WHAT THIS TASK INVOLVES:
Find the lines holding the string "blast" in the data, then copy all of them.

RECORDS SHOWN:
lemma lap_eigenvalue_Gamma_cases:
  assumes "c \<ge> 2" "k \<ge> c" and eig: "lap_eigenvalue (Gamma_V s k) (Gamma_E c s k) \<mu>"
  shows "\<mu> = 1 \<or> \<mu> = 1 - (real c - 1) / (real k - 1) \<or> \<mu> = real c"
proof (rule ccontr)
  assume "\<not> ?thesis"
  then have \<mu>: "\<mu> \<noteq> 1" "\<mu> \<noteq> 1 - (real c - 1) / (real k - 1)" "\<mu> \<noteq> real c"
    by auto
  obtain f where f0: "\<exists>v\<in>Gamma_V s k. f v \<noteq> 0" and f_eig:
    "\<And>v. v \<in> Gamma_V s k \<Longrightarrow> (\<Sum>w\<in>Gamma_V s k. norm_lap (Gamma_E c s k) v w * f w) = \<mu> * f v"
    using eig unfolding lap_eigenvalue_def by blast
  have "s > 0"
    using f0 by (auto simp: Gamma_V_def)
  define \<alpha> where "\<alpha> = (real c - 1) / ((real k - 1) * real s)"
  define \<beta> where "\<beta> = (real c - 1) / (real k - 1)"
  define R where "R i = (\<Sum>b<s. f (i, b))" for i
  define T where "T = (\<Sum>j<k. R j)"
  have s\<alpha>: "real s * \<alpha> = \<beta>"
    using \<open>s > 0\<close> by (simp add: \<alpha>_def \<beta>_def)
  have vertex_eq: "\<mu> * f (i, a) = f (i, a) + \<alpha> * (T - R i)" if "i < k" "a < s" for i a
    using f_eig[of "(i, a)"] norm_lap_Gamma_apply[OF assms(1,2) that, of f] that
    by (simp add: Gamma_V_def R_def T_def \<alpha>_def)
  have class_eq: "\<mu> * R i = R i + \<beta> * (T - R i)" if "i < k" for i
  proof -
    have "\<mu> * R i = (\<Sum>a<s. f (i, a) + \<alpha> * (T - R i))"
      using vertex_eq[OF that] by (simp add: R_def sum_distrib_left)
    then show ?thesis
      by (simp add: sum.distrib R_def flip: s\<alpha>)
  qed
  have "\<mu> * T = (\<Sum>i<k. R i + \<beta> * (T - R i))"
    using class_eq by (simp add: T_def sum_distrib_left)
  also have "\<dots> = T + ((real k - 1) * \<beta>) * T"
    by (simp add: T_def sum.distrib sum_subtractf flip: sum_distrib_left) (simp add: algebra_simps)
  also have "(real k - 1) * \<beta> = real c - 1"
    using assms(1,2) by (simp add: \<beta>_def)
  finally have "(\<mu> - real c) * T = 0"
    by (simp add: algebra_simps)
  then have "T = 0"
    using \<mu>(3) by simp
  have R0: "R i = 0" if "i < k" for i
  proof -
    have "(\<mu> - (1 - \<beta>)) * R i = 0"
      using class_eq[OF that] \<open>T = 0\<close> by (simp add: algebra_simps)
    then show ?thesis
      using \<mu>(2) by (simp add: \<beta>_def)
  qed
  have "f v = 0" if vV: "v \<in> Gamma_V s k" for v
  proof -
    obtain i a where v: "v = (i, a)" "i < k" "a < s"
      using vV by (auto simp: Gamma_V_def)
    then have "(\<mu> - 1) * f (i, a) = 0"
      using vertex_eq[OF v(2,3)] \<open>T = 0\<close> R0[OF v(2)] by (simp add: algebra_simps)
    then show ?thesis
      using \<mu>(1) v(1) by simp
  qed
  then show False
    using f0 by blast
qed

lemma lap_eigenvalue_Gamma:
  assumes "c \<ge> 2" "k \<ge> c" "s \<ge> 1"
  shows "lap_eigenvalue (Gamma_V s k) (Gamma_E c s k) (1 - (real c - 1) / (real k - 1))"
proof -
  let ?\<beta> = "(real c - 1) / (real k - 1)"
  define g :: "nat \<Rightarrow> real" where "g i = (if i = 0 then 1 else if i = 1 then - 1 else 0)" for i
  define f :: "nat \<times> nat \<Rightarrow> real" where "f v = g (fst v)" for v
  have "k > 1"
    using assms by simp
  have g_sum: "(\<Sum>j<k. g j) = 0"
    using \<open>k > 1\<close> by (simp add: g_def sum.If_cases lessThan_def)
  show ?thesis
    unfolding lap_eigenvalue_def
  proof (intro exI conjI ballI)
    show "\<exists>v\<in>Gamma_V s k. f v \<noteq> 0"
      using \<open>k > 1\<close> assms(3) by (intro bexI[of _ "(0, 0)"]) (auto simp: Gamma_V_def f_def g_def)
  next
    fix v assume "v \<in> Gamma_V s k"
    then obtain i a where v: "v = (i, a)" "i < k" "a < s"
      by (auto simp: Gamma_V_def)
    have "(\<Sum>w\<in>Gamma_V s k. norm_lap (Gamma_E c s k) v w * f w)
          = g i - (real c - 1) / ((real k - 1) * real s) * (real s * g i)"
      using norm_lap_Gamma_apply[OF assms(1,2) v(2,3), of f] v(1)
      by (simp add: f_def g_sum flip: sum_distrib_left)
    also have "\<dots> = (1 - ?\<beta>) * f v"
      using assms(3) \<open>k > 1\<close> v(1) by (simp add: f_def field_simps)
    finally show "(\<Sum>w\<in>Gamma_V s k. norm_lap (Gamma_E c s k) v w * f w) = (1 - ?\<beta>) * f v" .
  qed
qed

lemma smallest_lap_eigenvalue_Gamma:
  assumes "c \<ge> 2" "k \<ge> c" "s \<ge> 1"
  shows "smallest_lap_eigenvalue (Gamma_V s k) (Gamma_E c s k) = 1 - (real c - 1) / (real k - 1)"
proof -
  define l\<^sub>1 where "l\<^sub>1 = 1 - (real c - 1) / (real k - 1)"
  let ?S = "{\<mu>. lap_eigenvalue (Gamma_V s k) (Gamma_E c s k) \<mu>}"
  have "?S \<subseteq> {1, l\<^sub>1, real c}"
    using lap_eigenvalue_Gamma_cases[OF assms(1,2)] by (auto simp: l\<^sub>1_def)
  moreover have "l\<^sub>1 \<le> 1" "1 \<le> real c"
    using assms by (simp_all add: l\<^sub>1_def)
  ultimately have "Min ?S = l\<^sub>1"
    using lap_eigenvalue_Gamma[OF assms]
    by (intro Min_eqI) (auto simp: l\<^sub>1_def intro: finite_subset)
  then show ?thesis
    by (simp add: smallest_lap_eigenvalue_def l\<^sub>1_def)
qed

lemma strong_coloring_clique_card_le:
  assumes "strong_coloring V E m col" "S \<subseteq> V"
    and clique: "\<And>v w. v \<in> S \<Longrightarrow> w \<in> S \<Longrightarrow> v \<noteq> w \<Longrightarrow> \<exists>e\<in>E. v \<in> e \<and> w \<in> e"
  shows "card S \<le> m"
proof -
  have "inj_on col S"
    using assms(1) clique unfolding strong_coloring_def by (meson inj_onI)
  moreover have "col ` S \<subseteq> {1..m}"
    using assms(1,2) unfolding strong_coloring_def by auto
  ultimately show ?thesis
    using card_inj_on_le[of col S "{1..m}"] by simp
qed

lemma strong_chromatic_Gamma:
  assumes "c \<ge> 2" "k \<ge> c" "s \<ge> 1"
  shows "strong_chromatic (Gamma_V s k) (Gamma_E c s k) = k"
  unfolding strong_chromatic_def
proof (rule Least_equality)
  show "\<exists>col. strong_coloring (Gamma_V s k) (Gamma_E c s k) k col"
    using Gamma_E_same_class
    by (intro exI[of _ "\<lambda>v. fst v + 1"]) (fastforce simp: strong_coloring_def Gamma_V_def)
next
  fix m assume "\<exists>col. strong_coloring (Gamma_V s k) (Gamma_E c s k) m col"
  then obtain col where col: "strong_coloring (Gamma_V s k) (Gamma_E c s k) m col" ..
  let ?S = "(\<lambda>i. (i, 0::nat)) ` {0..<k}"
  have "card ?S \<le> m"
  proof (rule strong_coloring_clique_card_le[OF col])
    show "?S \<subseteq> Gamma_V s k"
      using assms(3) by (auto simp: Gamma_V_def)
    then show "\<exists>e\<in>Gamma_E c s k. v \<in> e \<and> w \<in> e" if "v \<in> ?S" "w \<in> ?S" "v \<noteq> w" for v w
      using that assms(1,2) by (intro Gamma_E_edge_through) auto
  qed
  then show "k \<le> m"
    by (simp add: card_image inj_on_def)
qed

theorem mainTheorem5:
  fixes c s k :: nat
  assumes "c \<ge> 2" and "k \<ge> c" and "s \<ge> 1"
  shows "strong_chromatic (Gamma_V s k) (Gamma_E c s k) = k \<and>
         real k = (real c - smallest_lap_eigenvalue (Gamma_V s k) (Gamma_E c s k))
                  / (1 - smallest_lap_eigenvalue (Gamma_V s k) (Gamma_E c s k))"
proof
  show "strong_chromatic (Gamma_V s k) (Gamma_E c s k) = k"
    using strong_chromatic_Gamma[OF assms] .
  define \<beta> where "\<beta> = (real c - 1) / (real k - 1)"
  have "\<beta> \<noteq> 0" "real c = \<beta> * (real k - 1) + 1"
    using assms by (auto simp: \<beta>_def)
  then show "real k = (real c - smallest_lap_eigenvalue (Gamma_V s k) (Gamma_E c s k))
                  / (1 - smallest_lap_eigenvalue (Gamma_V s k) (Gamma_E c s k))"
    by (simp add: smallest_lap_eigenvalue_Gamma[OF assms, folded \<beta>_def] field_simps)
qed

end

SOLUTION FOR THIS TASK:
    using eig unfolding lap_eigenvalue_def by blast
    using f0 by blast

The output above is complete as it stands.